## Task brief
In the data below, find each line carrying the string "longlongrightarrow" and copy it out.

## Entries supplied
lemma KL_div_markov_law_le:
  assumes td: "transition_density \<mu> p \<Theta>" and q0: "init_density \<mu> q0"
    and \<theta>: "\<theta> \<in> \<Theta>" and \<theta>0: "\<theta>0 \<in> \<Theta>"
    and pos: "\<forall>x\<in>space \<mu>. \<forall>y\<in>space \<mu>. 0 < p \<theta> x y"
    and pos0: "\<forall>x\<in>space \<mu>. \<forall>y\<in>space \<mu>. 0 < p \<theta>0 x y"
    and P0: "prob_space (markov_law \<mu> q0 p \<theta>0 n)"
    and incr: "\<forall>x\<in>space \<mu>. \<forall>y\<in>space \<mu>. \<bar>ln (p \<theta>0 x y) - ln (p \<theta> x y)\<bar> \<le> b"
  shows "KL_div (markov_law \<mu> q0 p \<theta>0 n) (markov_law \<mu> q0 p \<theta> n) \<le> ennreal (real n * b)"
proof -
  define P0 where "P0 = markov_law \<mu> q0 p \<theta>0 n"
  interpret P0: prob_space P0
    unfolding P0_def by (rule P0)
  have space0: "space P0 = space (PiM {0..n} (\<lambda>_. \<mu>))"
    by (simp add: P0_def markov_law_def)
  have bound: "\<bar>log_ratio q0 p n \<theta> \<theta>0 x\<bar> \<le> real n * b" if "x \<in> space P0" for x
    using abs_log_ratio_le[OF pos pos0 q0 incr] that by (simp add: space0)
  note markov_dens_measurable[OF td q0 \<theta>, measurable] markov_dens_measurable[OF td q0 \<theta>0, measurable]
  have lr: "log_ratio q0 p n \<theta> \<theta>0 \<in> borel_measurable P0"
    using log_ratio_measurable[OF td q0 \<theta> \<theta>0] by (simp add: P0_def markov_law_def)
  then have int_lr: "integrable P0 (log_ratio q0 p n \<theta> \<theta>0)"
    using bound by (intro P0.integrable_const_bound[where B="real n * b"] AE_I2) auto
  have "KL_div P0 (markov_law \<mu> q0 p \<theta> n) = ennreal (\<integral>x. log_ratio q0 p n \<theta> \<theta>0 x \<partial>P0)"
    unfolding P0_def
  proof (rule KL_div_density_eq[OF _ density_markov_law_ratio[OF td q0 \<theta> \<theta>0 pos pos0]])
    show "(\<lambda>x. ennreal (markov_dens q0 p \<theta>0 n x / markov_dens q0 p \<theta> n x))
        \<in> borel_measurable (markov_law \<mu> q0 p \<theta> n)"
      by (simp add: markov_law_def)
    show "AE x in markov_law \<mu> q0 p \<theta>0 n.
        ln (enn2real (ennreal (markov_dens q0 p \<theta>0 n x / markov_dens q0 p \<theta> n x)))
          = log_ratio q0 p n \<theta> \<theta>0 x"
      using markov_dens_nonneg[where p=p and \<theta>=\<theta>, OF pos q0]
        markov_dens_nonneg[where p=p and \<theta>=\<theta>0, OF pos0 q0]
      by (intro AE_I2) (simp add: log_ratio_def markov_law_def)
  qed (use P0.sigma_finite_measure lr int_lr in \<open>simp_all add: P0_def\<close>)
  moreover have "(\<integral>x. log_ratio q0 p n \<theta> \<theta>0 x \<partial>P0) \<le> real n * b"
    using int_lr by (intro P0.integral_le_const AE_I2) (auto simp: abs_le_iff dest!: bound)
  ultimately show ?thesis
    unfolding P0_def by (simp add: ennreal_leI)
qed

lemma prob_space_markov_law:
  assumes "prob_space \<Omega>" and "\<forall>i. X i \<in> measurable \<Omega> \<mu>"
    and "distr \<Omega> (PiM {0..n} (\<lambda>_. \<mu>)) (\<lambda>\<omega>. \<lambda>i\<in>{0..n}. X i \<omega>) = markov_law \<mu> q0 p \<theta> n"
  shows "prob_space (markov_law \<mu> q0 p \<theta> n)"
  using assms by (metis measurable_restrict prob_space.prob_space_distr)

lemma AE_markov_law_init_pos:
  assumes td: "transition_density \<mu> p \<Theta>" and q0: "init_density \<mu> q0" and \<theta>: "\<theta> \<in> \<Theta>"
    and pos: "\<forall>x\<in>space \<mu>. \<forall>y\<in>space \<mu>. 0 < p \<theta> x y"
  shows "AE x in markov_law \<mu> q0 p \<theta> n. 0 < q0 (x 0)"
proof -
  have "(\<lambda>x. ennreal (markov_dens q0 p \<theta> n x)) \<in> borel_measurable (PiM {0..n} (\<lambda>_. \<mu>))"
    using markov_dens_measurable[OF td q0 \<theta>] by measurable
  moreover have "AE x in PiM {0..n} (\<lambda>_. \<mu>). 0 < ennreal (markov_dens q0 p \<theta> n x) \<longrightarrow> 0 < q0 (x 0)"
    using markov_dens_pos_iff[where p=p and \<theta>=\<theta>, OF pos q0] by auto
  ultimately show ?thesis
    unfolding markov_law_def by (simp add: AE_density)
qed

lemma AE_chain_init_pos:
  assumes td: "transition_density \<mu> p \<Theta>" and q0: "init_density \<mu> q0" and \<theta>: "\<theta> \<in> \<Theta>"
    and pos: "\<forall>x\<in>space \<mu>. \<forall>y\<in>space \<mu>. 0 < p \<theta> x y"
    and P: "prob_space \<Omega>" and Xm: "\<forall>i. X i \<in> measurable \<Omega> \<mu>"
    and law: "distr \<Omega> (PiM {0..n} (\<lambda>_. \<mu>)) (\<lambda>\<omega>. \<lambda>i\<in>{0..n}. X i \<omega>) = markov_law \<mu> q0 p \<theta> n"
  shows "AE \<omega> in \<Omega>. 0 < q0 (X 0 \<omega>)"
proof -
  have Y: "(\<lambda>\<omega>. \<lambda>i\<in>{0..n}. X i \<omega>) \<in> measurable \<Omega> (PiM {0..n} (\<lambda>_. \<mu>))"
    by (rule measurable_restrict) (use Xm in simp)
  have "q0 \<in> borel_measurable \<mu>"
    using q0 unfolding init_density_def by simp
  then have "{x \<in> space (PiM {0..n} (\<lambda>_. \<mu>)). 0 < q0 (x 0)} \<in> sets (PiM {0..n} (\<lambda>_. \<mu>))"
    by measurable
  then show ?thesis
    using AE_markov_law_init_pos[OF td q0 \<theta> pos, of n] AE_distr_iff[OF Y]
    unfolding law[symmetric] by simp
qed
theorem lemma5p6:
  fixes \<gamma> \<alpha> \<beta> \<kappa> \<theta> t :: real
    and G :: "real \<Rightarrow> real"
    and \<mu> :: "nat \<Rightarrow> (int \<Rightarrow> bool) pmf"
    and M :: "nat \<Rightarrow> 'w measure"
    and X :: "nat \<Rightarrow> real \<Rightarrow> 'w \<Rightarrow> (int \<Rightarrow> bool)"
  assumes "\<gamma> > 2" and "0 < \<alpha>" "\<alpha> < 1" and "0 < \<beta>" "\<beta> < 1" and "\<kappa> > 0"
    and "\<theta> > 1" and "t > 0"
    and "bounded (range G)"
    and "\<And>N. set_pmf (\<mu> N) \<subseteq> Conf N"
    and "\<And>N. markov_proc \<gamma> \<kappa> \<theta> \<alpha> \<beta> N (\<mu> N) (M N) (X N)"
  shows "limsup (\<lambda>N. ereal (\<integral>\<omega>. \<bar>LBINT s:{0..t}. real N powr (1 - \<theta>) *
            (\<Sum>x\<in>Lam N. G (real_of_int x / real N) * rminus \<gamma> x *
               (of_bool (X N (s * real N ^ 2) \<omega> x) - \<alpha>))\<bar> \<partial>M N)) = 0
    \<and> limsup (\<lambda>N. ereal (\<integral>\<omega>. \<bar>LBINT s:{0..t}. real N powr (1 - \<theta>) *
            (\<Sum>x\<in>Lam N. G (real_of_int x / real N) * rplus \<gamma> N x *
               (of_bool (X N (s * real N ^ 2) \<omega> x) - \<beta>))\<bar> \<partial>M N)) = 0"
proof -
  obtain B where "\<And>u. \<bar>G u\<bar> \<le> B"
    using assms(9) unfolding bounded_iff by auto
  moreover have "prob_space (M N)" for N
    using assms(11)[of N] unfolding markov_proc_def by blast
  moreover have "\<gamma> > 1" using assms(1) by simp
  then have "(\<Sum>x\<in>Lam N. rminus \<gamma> x) \<le> pker_first_moment \<gamma>"
    and "(\<Sum>x\<in>Lam N. rplus \<gamma> N x) \<le> pker_first_moment \<gamma>" for N
    using sum_rminus_le_first_moment sum_rplus_eq_sum_rminus by metis+
  ultimately show ?thesis
    using assms(2-5,7,8) rminus_nonneg rplus_nonneg
    by (intro conjI boundary_integral_limsup_eq_0[where S = "pker_first_moment \<gamma>"]) auto
qed

end
theorem proposition2:
  fixes n m :: nat
    and gam :: "nat \<Rightarrow> nat \<Rightarrow> real"
    and Gam :: "real^3^3"
    and P Q :: "nat \<Rightarrow> nat \<Rightarrow> nat \<Rightarrow> real"
    and om_m :: "real \<Rightarrow> real^3"
    and eta :: "real^3"
    and r :: "nat \<Rightarrow> real^3"
  assumes n2: "n \<ge> 2"
    and hurw: "\<forall>i<m. hurwitz_coeffs (gam i) n \<and> hurwitz_coeffs (gam i) (n - 1)"
    and Gam_diag: "\<forall>a b. a \<noteq> b \<longrightarrow> Gam $ a $ b = 0"
    and Gam_pos: "\<forall>a. Gam $ a $ a > 0"
    and Q_pd: "\<forall>i<m. posdef_on (3 * (n - 1)) (Q i)"
    and P_pd: "\<forall>i<m. posdef_on (3 * (n - 1)) (P i)"
    and P_lyap: "\<forall>i<m. lyap_eq (3 * (n - 1)) (Ap (gam i) n) (P i) (Q i)"
    and noncol: "\<exists>i j. i < m \<and> j < m \<and> \<not> collinear {0, r i, r j}"
    and om_bdd: "bounded (om_m ` {0..})"
  shows
    "(\<forall>R bh etah xd. is_solution n m gam Gam P om_m eta r R bh etah xd \<longrightarrow>
        (\<forall>i<m. ((\<lambda>t. meas R r i t - bh i t) \<longlongrightarrow> 0) at_top) \<and>
        ((\<lambda>t. eta - etah t) \<longlongrightarrow> 0) at_top)
     \<and>
     (\<forall>\<epsilon>>0. \<exists>\<delta>>0. \<forall>R bh etah xd.
        is_solution n m gam Gam P om_m eta r R bh etah xd \<and>
        (\<forall>i<m. norm (meas R r i 0 - bh i 0) < \<delta> \<and> (\<forall>j<n - 1. norm (xd i j 0) < \<delta>)) \<and>
        norm (eta - etah 0) < \<delta>
        \<longrightarrow> (\<forall>t\<ge>0. (\<forall>i<m. norm (meas R r i t - bh i t) < \<epsilon>) \<and> norm (eta - etah t) < \<epsilon>))"
proof -
  have "\<forall>i<m. gam i n \<noteq> 0" using hurw n2 hurwitz_coeffs_last_nonzero by simp
  then have filter: "attitude_filter n m gam Gam P Q om_m eta r R bh etah xd"
    if "is_solution n m gam Gam P om_m eta r R bh etah xd" for R bh etah xd
    using n2 Gam_diag Gam_pos Q_pd P_pd P_lyap om_bdd that by unfold_locales
  show ?thesis
    using attitude_filter.errors_tendsto_zero[OF filter noncol]
      attitude_filter_uniformly_stable[OF filter Gam_pos] by blast
qed

end
lemma cauchy_decrease_lower_bound:
  fixes gn nH :: real
  assumes "ks * gn * min \<Delta> (gn / (nH + 1)) \<le> dm"
    and "r \<le> \<Delta>" "kH * r \<le> gn" "nH + 1 \<le> kH" "0 \<le> nH" "0 \<le> ks" "0 \<le> r"
  shows "ks * gn * r \<le> dm"
proof -
  have "(nH + 1) * r \<le> gn"
    using assms(3-7) by (smt (verit) mult_right_mono)
  then have "r \<le> min \<Delta> (gn / (nH + 1))"
    using assms(2,5) by (simp add: field_simps)
  moreover have "0 \<le> ks * gn"
    using assms(3-7) by (smt (verit) mult_nonneg_nonneg)
  ultimately show ?thesis
    using assms(1) by (smt (verit) mult_left_mono)
qed

lemma model_gradient_lower_bound:
  fixes g gx :: "'a::real_normed_vector"
  assumes "norm (g - gx) \<le> kmg * \<Delta>" "\<mu>c * \<Delta> \<le> norm g" "\<epsilon> \<le> norm gx" "0 < \<mu>c" "0 \<le> kmg"
  shows "\<epsilon> / (1 + kmg / \<mu>c) \<le> norm g"
proof -
  have "norm gx \<le> norm g + norm (g - gx)"
    by (metis add.commute norm_triangle_sub norm_minus_commute)
  also have "\<dots> \<le> norm g + kmg * (norm g / \<mu>c)"
    using assms(1,2,4,5) by (smt (verit) mult_left_mono pos_le_divide_eq mult.commute)
  finally have "\<epsilon> \<le> norm g * (1 + kmg / \<mu>c)"
    using assms(3) by (simp add: algebra_simps)
  moreover have "0 < 1 + kmg / \<mu>c"
    using assms(4,5) by (simp add: add_pos_nonneg)
  ultimately show ?thesis
    by (simp add: divide_le_eq)
qed
lemma compress_mult_representatives:
  assumes U: "representative n k Enc U P" and E: "representative n k Enc E P"
    and E_unitary: "dag E * E = 1\<^sub>m (2^n)" and P_unitary: "P * dag P = 1\<^sub>m (2^k)" "dag P * P = 1\<^sub>m (2^k)"
  shows "compress (dag E * U) = 1\<^sub>m (2^k)"
proof -
  have Uc: "U \<in> carrier_mat (2^n) (2^n)" and Ec: "E \<in> carrier_mat (2^n) (2^n)"
    and Pc: "P \<in> carrier_mat (2^k) (2^k)" and UE: "U * Enc = Enc * P"
    using U E unfolding representative_def by auto
  note Enc = Enc_carrier and dE = dag_carrier[OF Ec] and dP = dag_carrier[OF Pc]
  have "compress (dag E * U) = dag Enc * ((dag E * Enc) * P)"
    unfolding compress_def assoc_mult_mat[OF dE Uc Enc] UE assoc_mult_mat[OF dE Enc Pc] ..
  also have "\<dots> = (dag Enc * Enc) * (dag P * P)"
    unfolding representative_dag[OF E Enc E_unitary P_unitary(1)]
    by (simp add: assoc_mult_mat[OF Enc dP Pc] assoc_mult_mat[OF dag_Enc_carrier Enc mult_carrier_mat[OF dP Pc]])
  finally show ?thesis
    using dag_Enc_mult_Enc P_unitary(2) by simp
qed

lemma tr_compress_pauli_expansion:
  assumes X: "X \<in> carrier_mat (2^n) (2^n)" and U: "U \<in> carrier_mat (2^n) (2^n)"
  shows "tr (compress (X * U))
    = (1 / 2^n) * (\<Sum>a\<in>pauli_labels n. pauli_coeff n U a * tr (compress (X * pauli_string n 1 a)))"
proof -
  define W where "W = Enc * (dag Enc * X)"
  have W: "W \<in> carrier_mat (2^n) (2^n)"
    unfolding W_def by (rule mult_carrier_mat[OF Enc_carrier mult_carrier_mat[OF dag_Enc_carrier X]])
  have cyclic: "tr (compress (X * V)) = tr (V * W)" if V: "V \<in> carrier_mat (2^n) (2^n)" for V
  proof -
    have "compress (X * V) = (dag Enc * X) * (V * Enc)"
      unfolding compress_def using X V Enc_carrier dag_Enc_carrier
      by (simp add: assoc_mult_mat[of _ "2^k" "2^n" _ "2^n" _ "2^k"] assoc_mult_mat[of _ "2^n" "2^n" _ "2^n" _ "2^k"])
    also have "tr \<dots> = tr ((V * Enc) * (dag Enc * X))"
      using X V Enc_carrier dag_Enc_carrier by (intro tr_cyclic) auto
    finally show ?thesis
      unfolding W_def by (simp add: assoc_mult_mat[OF V Enc_carrier mult_carrier_mat[OF dag_Enc_carrier X]])
  qed
  show ?thesis
    unfolding cyclic[OF U] cyclic[OF pauli_string_carrier] by (rule tr_pauli_expansion[OF U W])
qed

## Answer area
        (\<forall>i<m. ((\<lambda>t. meas R r i t - bh i t) \<longlongrightarrow> 0) at_top) \<and>
        ((\<lambda>t. eta - etah t) \<longlongrightarrow> 0) at_top)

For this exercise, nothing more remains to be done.